If she is interested in the post mortem side of things she needs to be a medical dr. It's long and gruelling training, as you have to learn it all, surgery, diagnosis, all body areas, on the living before they let you specialise on the dead.

Csi will collect evidence from bodies, attend post mortems and take photo's etc, but the post mortem itself is done by the medical pathologist.

If she wants to be a pathologist she needs to focus on getting into medicine.

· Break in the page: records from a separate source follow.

(* Assume $L$ satisfies (L1),(L2) and $W$ satisfies (W1)–(W6) (as in the context), and let $\varrho>0$. Then there exists $\rho>\varrho$ such that $\sup_{u\in\partial Q}I(u)\le0$, where $$Q=\{\zeta e_{\bar n+1}:0\le\zeta\le\rho\}\oplus\{u\in E^-\oplus E^0:\|u\|\le\rho\}$$ and $\partial Q$ is the boundary of $Q$ relative to the finite-dimensional space $\operatorname{span}\{e_{\bar n+1}\}\oplus E^-\oplus E^0$, i.e. $\partial Q=\{u\in E^-\oplus E^0:\|u\|\le\rho\}\cup\big(\rho e_{\bar n+1}+\{u\in E^-\oplus E^0:\|u\|\le\rho\}\big)\cup\big(\{\zeta e_{\bar n+1}:0\le\zeta\le\rho\}+\{u\in E^-\oplus E^0:\|u\|=\rho\}\big)$.
   Context: $L\in C(\mathbb{R},\mathbb{R}^{N\times N})$ symmetric-matrix valued, $W\in C^1(\mathbb{R}\times\mathbb{R}^N,\mathbb{R})$, $\nabla W$ the gradient in $x$, $\widetilde W(t,x)=2W(t,x)-(\nabla W(t,x),x)$, $l(t)=\min_{|x|=1}(L(t)x,x)$. (L1): $\exists\,\alpha>1,M>0$ with $\lim_{R\to\infty}\operatorname{meas}\{t:|t|\ge R,\ l(t)\le M|t|\ln^\alpha|t|\}=0$. (L2): $\exists L_0>0$ with $(L(t)x,x)\ge-L_0|x|^2$. $\mathcal{H}$ is the self-adjoint extension in $L^2(\mathbb{R},\mathbb{R}^N)$ of $-\frac{d^2}{dt^2}+L(t)$, with eigenvalues $\lambda_1\le\lambda_2\le\cdots\to\infty$ and eigenfunctions $e_n$ ($\mathcal{H}e_n=\lambda_ne_n$) forming an orthogonal basis of $L^2$; $\bar n$ is the number of nonpositive eigenvalues. $E=\mathfrak{D}(|\mathcal{H}|^{1/2})$, $E=E^-\oplus E^0\oplus E^+$ (spans of eigenfunctions with negative, zero, positive eigenvalues; $E^-\oplus E^0$ finite dimensional), norm $\|u\|^2=\||\mathcal{H}|^{1/2}u\|_{L^2}^2+\|u^0\|_{L^2}^2$. $I(u)=\frac12\|u^+\|^2-\frac12\|u^-\|^2-\int_{\mathbb{R}}W(t,u(t))\,dt$. (W1) $W(t,0)=0$, $|\nabla W(t,x)|\le b_1|x|$. (W2) $\widetilde W(t,x)\ge b_2|x|^\mu$ for $|x|\ge r_1$, with $b_2,r_1>0,\mu>1$. (W3) $\widetilde W(t,x)\ge-b_3|x|$ for $|x|<r_1$, $b_3>0$. (W4) $|W(t,x)|\le\frac{\lambda_{\bar n+1}-\sigma_0}{2}|x|^2$ for $|x|\le r_2$, $r_2,\sigma_0>0$. (W5) $W(t,x)\ge(\frac{\lambda_{\bar n+1}}2+\varepsilon_0)|x|^2$ for $|x|\ge r_\infty$, $\varepsilon_0,r_\infty>0$. (W6) $W\ge0$. All for all $t\in\mathbb{R}$. *)

theory Defs
  imports "HOL-Analysis.Analysis"
begin

text \<open>Setting: functions t \<mapsto> u(t) from the real line into R^N, R^N rendered as real^'N.
  Eigenvalues/eigenfunctions are indexed from 0, so the paper's e_{k} is our e (k-1).\<close>

definition lmin :: "(real \<Rightarrow> real^'N^'N) \<Rightarrow> real \<Rightarrow> real" where
  "lmin L t = Inf {(L t *v x) \<bullet> x | x. norm x = 1}"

Csi or forensics i'd go for a good biological science/chemistry degree rather than a "forensics" course. Even physics or maths if ballistics is of interest. The trick is getting in to a police force- there are ways, for example many police staff get in via 999 call handling-there are always jobs as the turnover is very high, and once you're an internal candidate you're in a position of strength.